The $k$th moment of a function $f(X)$ about a non-random value $c$ is: $$\mathbb{E}\left[(X-c)^k\right] = \int_{-\infty}^{\infty}(x-c)^kf(x)dx$$ This definition allows for an important distinction:

  • Raw Moment: a raw moment is moment about the origin $(c=0)$
  • Central Moment: a central moment is a moment about the distributions mean ($c=\mathbb{E}[X]$)

If a random variable $X$ has mean $\mu_x$ then its $k$th central moment is: $$m_k=\mathbb{E}\left[\left(X-\mu_x\right)^k\right]=\int_{-\infty}^{\infty}(x-\mu_x)^kf(x)\ dx$$ Central moments allow us to quantify properties of distributions in ways that are location invariant.  For example, we may be interested in comparing the variability in height of adults versus children. Obviously, adults are taller than children on average, but we want to measure which group has greater variability while disregarding the absolute heights of people in each group. Central moments allow us to perform such calculations. ^62a7fc

The $k$th Standardized Moment is typically defined as the $k$th central moment normlized by the standard deviation raised to the $k$th power, $$\bar{m}_k = \frac{m_k}{\sigma_k}=\mathbb{E}\left[\left(\frac{X-\mu_x}{\sigma_x}\right)^k\right]$$ where $m_k$ is defined as described [[Moment#^62a7fc|here]], and $\sigma_k$ is the $k$th power of the standard deviation of $X$, $$\sigma_k=\sigma^k_x=\left(\sqrt{\mathbb{E}\left[\left(X-\mu_x\right)^2\right]}\right)^k$$ Note that the standardized moment is only well defined for distributions whose first two moments exist and whose second moment is non-zero. Standardization makes the moment both location and scale invariant.
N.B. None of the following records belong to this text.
(* Let $n \geq 1$ be an integer. Let $\mathcal{G} = (\mathcal{V}, \mathcal{E})$ be a cycle graph with $|\mathcal{V}| = 2n$ nodes, and let $\mathcal{G}' = (\mathcal{V}', \mathcal{E}')$ be a path graph with $|\mathcal{V}'| = 2n+1$ nodes. Let $P_k$ and $P'_k$ denote the $k$-hop random walk matrices of $\mathcal{G}$ and $\mathcal{G}'$ respectively. Then for every pair of nodes $(i,j) \in \mathcal{V} \times \mathcal{V}$ there exists a pair of nodes $(i',j') \in \mathcal{V}' \times \mathcal{V}'$ such that $(P_k)_{ij} = (P'_k)_{i'j'}$ for all integers $k \geq 1$.
   Context: Graphs are finite and undirected. For a graph with adjacency matrix $A$ (with $A_{ij}=1$ if $i,j$ are adjacent and $0$ otherwise) and diagonal degree matrix $D$ (with $D_{ii} = \sum_j A_{ij}$), the $k$-hop random walk matrix is $P_k = (D^{-1}A)^k$; its $(i,j)$ entry is the probability that a simple random walk of length $k$ started at $i$ ends at $j$. A cycle graph is a graph consisting of a single cycle (all nodes distinct except that the walk returns to its start); a path graph is a graph consisting of a single simple path through all its nodes. *)

theory Defs
  imports Complex_Main
begin

definition adj :: "('a \<Rightarrow> 'a \<Rightarrow> bool) \<Rightarrow> 'a \<Rightarrow> 'a \<Rightarrow> real" where
  "adj E i j = (if E i j then 1 else 0)"

definition degree :: "'a set \<Rightarrow> ('a \<Rightarrow> 'a \<Rightarrow> bool) \<Rightarrow> 'a \<Rightarrow> real" where
  "degree V E i = (\<Sum>j\<in>V. adj E i j)"

definition rw_step :: "'a set \<Rightarrow> ('a \<Rightarrow> 'a \<Rightarrow> bool) \<Rightarrow> 'a \<Rightarrow> 'a \<Rightarrow> real" where
  "rw_step V E i j = inverse (degree V E i) * adj E i j"

fun rw_matrix :: "'a set \<Rightarrow> ('a \<Rightarrow> 'a \<Rightarrow> bool) \<Rightarrow> nat \<Rightarrow> 'a \<Rightarrow> 'a \<Rightarrow> real" where
  "rw_matrix V E 0 i j = (if i = j then 1 else 0)"
| "rw_matrix V E (Suc k) i j = (\<Sum>l\<in>V. rw_step V E i l * rw_matrix V E k l j)"

definition cycle_graph :: "'a set \<Rightarrow> ('a \<Rightarrow> 'a \<Rightarrow> bool) \<Rightarrow> nat \<Rightarrow> bool" where
  "cycle_graph V E m \<longleftrightarrow> (\<exists>f. bij_betw f {..<m} V \<and>
     (\<forall>x y. E x y \<longleftrightarrow> (\<exists>i<m. \<exists>j<m. x = f i \<and> y = f j \<and>
        (j = (i + 1) mod m \<or> i = (j + 1) mod m))))"

definition path_graph :: "'a set \<Rightarrow> ('a \<Rightarrow> 'a \<Rightarrow> bool) \<Rightarrow> nat \<Rightarrow> bool" where
  "path_graph V E m \<longleftrightarrow> (\<exists>f. bij_betw f {..<m} V \<and>
     (\<forall>x y. E x y \<longleftrightarrow> (\<exists>i<m. \<exists>j<m. x = f i \<and> y = f j \<and>
        (j = i + 1 \<or> i = j + 1))))"

end

theory Submission
  imports Defs
begin

(* Seen from the target vertex, both walks are the simple random walk on {0..n} reflected at
   both ends.  On the cycle of length 2n the cyclic distance to j moves by +1 or -1 with
   probability 1/2 each, except that it is pushed to 1 from distance 0 and to n - 1 from the
   antipode.  On the path 0, ..., 2n the distance |y - n| to the middle vertex n behaves in
   exactly the same way, the two endpoints playing the role of the antipode.  Hence
   P_k(i, j) = P'_k(n + d, n), where d is the cyclic distance between i and j. *)

lemma degree_eq_card_neighbours:
  assumes "finite V"
  shows "degree V E i = card {l\<in>V. E i l}"
  using assms by (simp add: degree_def adj_def sum.If_cases Int_def)

lemma rw_matrix_Suc_neighbours:
  assumes "finite V"
  shows "rw_matrix V E (Suc k) i j =
    (\<Sum>l\<in>{l\<in>V. E i l}. rw_matrix V E k l j) / card {l\<in>V. E i l}"
proof -
  have "rw_matrix V E (Suc k) i j = (\<Sum>l\<in>V. if E i l then rw_matrix V E k l j else 0) / degree V E i"
    by (auto simp: rw_step_def adj_def sum_distrib_left divide_inverse_commute intro!: sum.cong)
  also have "\<dots> = (\<Sum>l\<in>{l\<in>V. E i l}. rw_matrix V E k l j) / card {l\<in>V. E i l}"
    using assms by (simp add: sum.inter_filter degree_eq_card_neighbours)
  finally show ?thesis .
qed

lemma rw_matrix_iso:
  assumes f: "bij_betw f A V" and E: "\<And>a b. a \<in> A \<Longrightarrow> b \<in> A \<Longrightarrow> E (f a) (f b) \<longleftrightarrow> R a b"
    and "a \<in> A" "b \<in> A"
  shows "rw_matrix V E k (f a) (f b) = rw_matrix A R k a b"
  using assms(3,4)
proof (induction k arbitrary: a)
  case 0
  then show ?case using bij_betw_imp_inj_on[OF f] by (simp add: inj_on_eq_iff)
next
  case (Suc k)
  have deg: "degree V E (f a) = degree A R a"
    unfolding degree_def adj_def using Suc.prems E
    by (simp add: sum.reindex_bij_betw[OF f, symmetric])
  show ?case
    unfolding rw_matrix.simps rw_step_def adj_def
    using Suc E by (simp add: sum.reindex_bij_betw[OF f, symmetric] deg cong: sum.cong)
qed

lemma enumerated_graph_adj:
  assumes "inj_on f {..<m}"
    and "\<forall>x y. E x y \<longleftrightarrow> (\<exists>i<m. \<exists>j<m. x = f i \<and> y = f j \<and> R i j)"
    and "a < m" "b < m"
  shows "E (f a) (f b) \<longleftrightarrow> R a b"
  using assms by (auto simp: inj_on_eq_iff)

definition reflected_up :: "nat \<Rightarrow> nat \<Rightarrow> nat" where
  "reflected_up n d = (if d = n then n - 1 else d + 1)"

definition reflected_down :: "nat \<Rightarrow> nat" where
  "reflected_down d = (if d = 0 then 1 else d - 1)"

fun reflected_walk :: "nat \<Rightarrow> nat \<Rightarrow> nat \<Rightarrow> real" where
  "reflected_walk n 0 d = (if d = 0 then 1 else 0)"
| "reflected_walk n (Suc k) d =
     (reflected_walk n k (reflected_up n d) + reflected_walk n k (reflected_down d)) / 2"

lemma sum_pair_average:
  fixes h :: "'b \<Rightarrow> real"
  assumes "{\<phi> x, \<phi> y} = {u, v}"
  shows "(\<Sum>l\<in>{x, y}. h (\<phi> l)) / card {x, y} = (h u + h v) / 2"
  using assms by (cases "x = y"; cases "u = v") (auto simp: doubleton_eq_iff)

(* Comparing sets of \<phi>-values suffices: if the two neighbours coincide or share their
   \<phi>-value, the hypothesis forces reflected_up n (\<phi> i) = reflected_down (\<phi> i). *)
lemma rw_matrix_eq_reflected_walk:
  assumes "finite V"
    and target: "\<And>i. i \<in> V \<Longrightarrow> \<phi> i = 0 \<longleftrightarrow> i = j"
    and neighbours: "\<And>i. i \<in> V \<Longrightarrow> \<exists>x y. {l\<in>V. E i l} = {x, y} \<and>
                       {\<phi> x, \<phi> y} = {reflected_up n (\<phi> i), reflected_down (\<phi> i)}"
    and "i \<in> V"
  shows "rw_matrix V E k i j = reflected_walk n k (\<phi> i)"
  using \<open>i \<in> V\<close>
proof (induction k arbitrary: i)
  case 0
  then show ?case using target by simp
next
  case (Suc k)
  obtain x y where N: "{l\<in>V. E i l} = {x, y}"
    and \<phi>: "{\<phi> x, \<phi> y} = {reflected_up n (\<phi> i), reflected_down (\<phi> i)}"
    using neighbours[OF Suc.prems] by blast
  have "rw_matrix V E (Suc k) i j = (\<Sum>l\<in>{x, y}. reflected_walk n k (\<phi> l)) / card {x, y}"
    using Suc.IH N by (auto simp: rw_matrix_Suc_neighbours[OF \<open>finite V\<close>] simp del: rw_matrix.simps
      intro!: sum.cong)
  also have "\<dots> = reflected_walk n (Suc k) (\<phi> i)"
    using sum_pair_average[of \<phi>, OF \<phi>] by simp
  finally show ?case .
qed

definition cycle_succ :: "nat \<Rightarrow> nat \<Rightarrow> nat" where
  "cycle_succ m a = (if a + 1 = m then 0 else a + 1)"

definition cycle_pred :: "nat \<Rightarrow> nat \<Rightarrow> nat" where
  "cycle_pred m a = (if a = 0 then m - 1 else a - 1)"

definition cycle_adj :: "nat \<Rightarrow> nat \<Rightarrow> nat \<Rightarrow> bool" where
  "cycle_adj m a b \<longleftrightarrow> b = cycle_succ m a \<or> b = cycle_pred m a"

definition cycle_offset :: "nat \<Rightarrow> nat \<Rightarrow> nat \<Rightarrow> nat" where
  "cycle_offset m a b = (if b \<le> a then a - b else a + m - b)"

definition cycle_dist :: "nat \<Rightarrow> nat \<Rightarrow> nat \<Rightarrow> nat" where
  "cycle_dist m a b = min (cycle_offset m a b) (m - cycle_offset m a b)"

lemma cycle_succ_eq_mod: "a < m \<Longrightarrow> cycle_succ m a = (a + 1) mod m"
  by (cases "a + 1 = m") (simp_all add: cycle_succ_def)

lemma cycle_adj_iff_mod:
  assumes "a < m" "b < m"
  shows "cycle_adj m a b \<longleftrightarrow> b = (a + 1) mod m \<or> a = (b + 1) mod m"
  using assms by (simp only: cycle_succ_eq_mod[symmetric])
    (auto simp: cycle_adj_def cycle_succ_def cycle_pred_def)

lemma cycle_graph_rw_matrix:
  assumes "cycle_graph V E m"
  obtains f where "bij_betw f {..<m} V"
    and "\<And>k a b. a < m \<Longrightarrow> b < m \<Longrightarrow>
           rw_matrix V E k (f a) (f b) = rw_matrix {..<m} (cycle_adj m) k a b"
proof -
  obtain f where f: "bij_betw f {..<m} V"
    and E: "\<forall>x y. E x y \<longleftrightarrow> (\<exists>i<m. \<exists>j<m. x = f i \<and> y = f j \<and>
              (j = (i + 1) mod m \<or> i = (j + 1) mod m))"
    using assms unfolding cycle_graph_def by blast
  have adj: "E (f a) (f b) \<longleftrightarrow> cycle_adj m a b" if "a \<in> {..<m}" "b \<in> {..<m}" for a b
    using enumerated_graph_adj[OF bij_betw_imp_inj_on[OF f] E] that by (simp add: cycle_adj_iff_mod)
  show ?thesis
    using rw_matrix_iso[where E=E and R="cycle_adj m", OF f adj] by (intro that[OF f]) simp
qed

lemma cycle_adj_neighbours:
  "a < m \<Longrightarrow> {l\<in>{..<m}. cycle_adj m a l} = {cycle_succ m a, cycle_pred m a}"
  by (auto simp: cycle_adj_def cycle_succ_def cycle_pred_def)

lemma cycle_offset_succ:
  "a < m \<Longrightarrow> b < m \<Longrightarrow> cycle_offset m (cycle_succ m a) b = cycle_succ m (cycle_offset m a b)"
  by (auto simp: cycle_offset_def cycle_succ_def)

lemma cycle_offset_pred:
  "a < m \<Longrightarrow> b < m \<Longrightarrow> cycle_offset m (cycle_pred m a) b = cycle_pred m (cycle_offset m a b)"
  by (auto simp: cycle_offset_def cycle_pred_def)

lemma cycle_dist_eq_0_iff: "a < m \<Longrightarrow> b < m \<Longrightarrow> cycle_dist m a b = 0 \<longleftrightarrow> a = b"
  by (auto simp: cycle_dist_def cycle_offset_def)

lemma cycle_dist_neighbours:
  assumes "a < 2 * n" "b < 2 * n"
  shows "{cycle_dist (2 * n) (cycle_succ (2 * n) a) b, cycle_dist (2 * n) (cycle_pred (2 * n) a) b}
       = {reflected_up n (cycle_dist (2 * n) a b), reflected_down (cycle_dist (2 * n) a b)}"
proof -
  have "cycle_offset (2 * n) a b < 2 * n"
    using assms by (auto simp: cycle_offset_def)
  then show ?thesis
    unfolding cycle_dist_def cycle_offset_succ[OF assms] cycle_offset_pred[OF assms]
    unfolding cycle_succ_def cycle_pred_def reflected_up_def reflected_down_def
    by (cases "cycle_offset (2 * n) a b \<le> n") (auto simp: doubleton_eq_iff)
qed

lemma rw_matrix_cycle:
  assumes "a < 2 * n" "b < 2 * n"
  shows "rw_matrix {..<2 * n} (cycle_adj (2 * n)) k a b = reflected_walk n k (cycle_dist (2 * n) a b)"
proof (rule rw_matrix_eq_reflected_walk)
  fix a assume a: "a \<in> {..<2 * n}"
  then show "cycle_dist (2 * n) a b = 0 \<longleftrightarrow> a = b"
    using assms by (simp add: cycle_dist_eq_0_iff)
  show "\<exists>x y. {l\<in>{..<2 * n}. cycle_adj (2 * n) a l} = {x, y} \<and>
      {cycle_dist (2 * n) x b, cycle_dist (2 * n) y b} =
      {reflected_up n (cycle_dist (2 * n) a b), reflected_down (cycle_dist (2 * n) a b)}"
  proof (intro exI conjI)
    show "{l\<in>{..<2 * n}. cycle_adj (2 * n) a l} = {cycle_succ (2 * n) a, cycle_pred (2 * n) a}"
      by (rule cycle_adj_neighbours) (use a in simp)
  qed (use a assms in \<open>simp add: cycle_dist_neighbours\<close>)
qed (use assms in auto)

definition path_adj :: "nat \<Rightarrow> nat \<Rightarrow> bool" where
  "path_adj a b \<longleftrightarrow> b = a + 1 \<or> a = b + 1"

lemma path_adj_neighbours:
  assumes "y < m" "2 \<le> m"
  shows "{l\<in>{..<m}. path_adj y l} = {if y + 1 = m then y - 1 else y + 1, if y = 0 then 1 else y - 1}"
  using assms by (auto simp: path_adj_def)

lemma path_graph_rw_matrix:
  assumes "path_graph V E m"
  obtains g where "bij_betw g {..<m} V"
    and "\<And>k a b. a < m \<Longrightarrow> b < m \<Longrightarrow>
           rw_matrix V E k (g a) (g b) = rw_matrix {..<m} path_adj k a b"
proof -
  obtain g where g: "bij_betw g {..<m} V"
    and E: "\<forall>x y. E x y \<longleftrightarrow> (\<exists>i<m. \<exists>j<m. x = g i \<and> y = g j \<and> (j = i + 1 \<or> i = j + 1))"
    using assms unfolding path_graph_def by blast
  have adj: "E (g a) (g b) \<longleftrightarrow> path_adj a b" if "a \<in> {..<m}" "b \<in> {..<m}" for a b
    using enumerated_graph_adj[OF bij_betw_imp_inj_on[OF g] E] that by (simp add: path_adj_def)
  show ?thesis
    using rw_matrix_iso[where E=E and R=path_adj, OF g adj] by (intro that[OF g]) simp
qed

lemma path_dist_neighbours:
  assumes "y \<le> 2 * n" "1 \<le> n"
  shows "{nat \<bar>int (if y + 1 = 2 * n + 1 then y - 1 else y + 1) - int n\<bar>,
          nat \<bar>int (if y = 0 then 1 else y - 1) - int n\<bar>}
       = {reflected_up n (nat \<bar>int y - int n\<bar>), reflected_down (nat \<bar>int y - int n\<bar>)}"
  using assms unfolding reflected_up_def reflected_down_def
  by (cases "y \<le> n") (auto simp: doubleton_eq_iff)

lemma rw_matrix_path_to_middle:
  assumes "y \<le> 2 * n" "1 \<le> n"
  shows "rw_matrix {..<2 * n + 1} path_adj k y n = reflected_walk n k (nat \<bar>int y - int n\<bar>)"
proof (rule rw_matrix_eq_reflected_walk)
  fix y assume y: "y \<in> {..<2 * n + 1}"
  show "\<exists>u v. {l\<in>{..<2 * n + 1}. path_adj y l} = {u, v} \<and>
      {nat \<bar>int u - int n\<bar>, nat \<bar>int v - int n\<bar>} =
      {reflected_up n (nat \<bar>int y - int n\<bar>), reflected_down (nat \<bar>int y - int n\<bar>)}"
  proof (intro exI conjI)
    show "{l\<in>{..<2 * n + 1}. path_adj y l} =
        {if y + 1 = 2 * n + 1 then y - 1 else y + 1, if y = 0 then 1 else y - 1}"
      by (rule path_adj_neighbours) (use y assms in auto)
  qed (use y assms path_dist_neighbours in simp)
qed (use assms in auto)

theorem proposition1:
  fixes n :: nat and V :: "'a set" and E :: "'a \<Rightarrow> 'a \<Rightarrow> bool"
    and V' :: "'b set" and E' :: "'b \<Rightarrow> 'b \<Rightarrow> bool"
  assumes "n \<ge> 1"
    and "cycle_graph V E (2 * n)"
    and "path_graph V' E' (2 * n + 1)"
  shows "\<forall>i\<in>V. \<forall>j\<in>V. \<exists>i'\<in>V'. \<exists>j'\<in>V'.
           \<forall>k::nat. k \<ge> 1 \<longrightarrow> rw_matrix V E k i j = rw_matrix V' E' k i' j'"
proof (intro ballI)
  fix i j assume "i \<in> V" "j \<in> V"
  obtain f where f: "bij_betw f {..<2 * n} V"
    and cycle: "\<And>k a b. a < 2 * n \<Longrightarrow> b < 2 * n \<Longrightarrow>
                  rw_matrix V E k (f a) (f b) = rw_matrix {..<2 * n} (cycle_adj (2 * n)) k a b"
    using cycle_graph_rw_matrix[OF assms(2)] by blast
  obtain g where g: "bij_betw g {..<2 * n + 1} V'"
    and path: "\<And>k a b. a < 2 * n + 1 \<Longrightarrow> b < 2 * n + 1 \<Longrightarrow>
                 rw_matrix V' E' k (g a) (g b) = rw_matrix {..<2 * n + 1} path_adj k a b"
    using path_graph_rw_matrix[OF assms(3)] by blast
  obtain a b where ab: "a < 2 * n" "b < 2 * n" "i = f a" "j = f b"
    using \<open>i \<in> V\<close> \<open>j \<in> V\<close> f unfolding bij_betw_def by blast
  define d where "d = cycle_dist (2 * n) a b"
  have "d \<le> n"
    by (simp add: d_def cycle_dist_def)
  have "rw_matrix V E k i j = rw_matrix V' E' k (g (n + d)) (g n)" for k
  proof -
    have "rw_matrix V E k i j = reflected_walk n k d"
      using ab by (simp add: cycle rw_matrix_cycle d_def)
    also have "\<dots> = rw_matrix V' E' k (g (n + d)) (g n)"
      using rw_matrix_path_to_middle[of "n + d" n k] \<open>d \<le> n\<close> assms(1) by (simp add: path)
    finally show ?thesis .
  qed
  moreover have "g (n + d) \<in> V'" "g n \<in> V'"
    using g \<open>d \<le> n\<close> by (auto intro: bij_betw_apply)
  ultimately show "\<exists>i'\<in>V'. \<exists>j'\<in>V'. \<forall>k. k \<ge> 1 \<longrightarrow> rw_matrix V E k i j = rw_matrix V' E' k i' j'"
    by blast
qed

end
Sample Moment A sample moment is an unbiased estimator of its respective raw, central, or standardized moment.

[!Info] Notation $X$ is a random variable and lowercase $x_n$ is used to denote the $n$th realisation from $N$ samples.

Parameters and Statistics

Given a statistical model, parameters summerize data for an entire population, while statistics summarize data from a sample of the population. We compute the former exactly using a statistical model and estimate it from data using the latter. For example, if we assume that $X \sim \mathcal{N}(\mu_x,\sigma_x^2)$, then the first raw moment is $\mathbb{E}[X]=\mu_x$

Total Mass

Since $x^0=1$ for any number $x$, the zeroth raw central, and standardized moments are all $$\mu_0=m_0=\bar{m}0=\int{-\infty}^{\infty}(...)^0f(x)dx=\int_{-\infty}^{\infty}f(x)dx$$ In other words the zeroth moment captures the fact that probability distributions are normalized quantities, that they always sum to one regardless of their location, scale, or shape.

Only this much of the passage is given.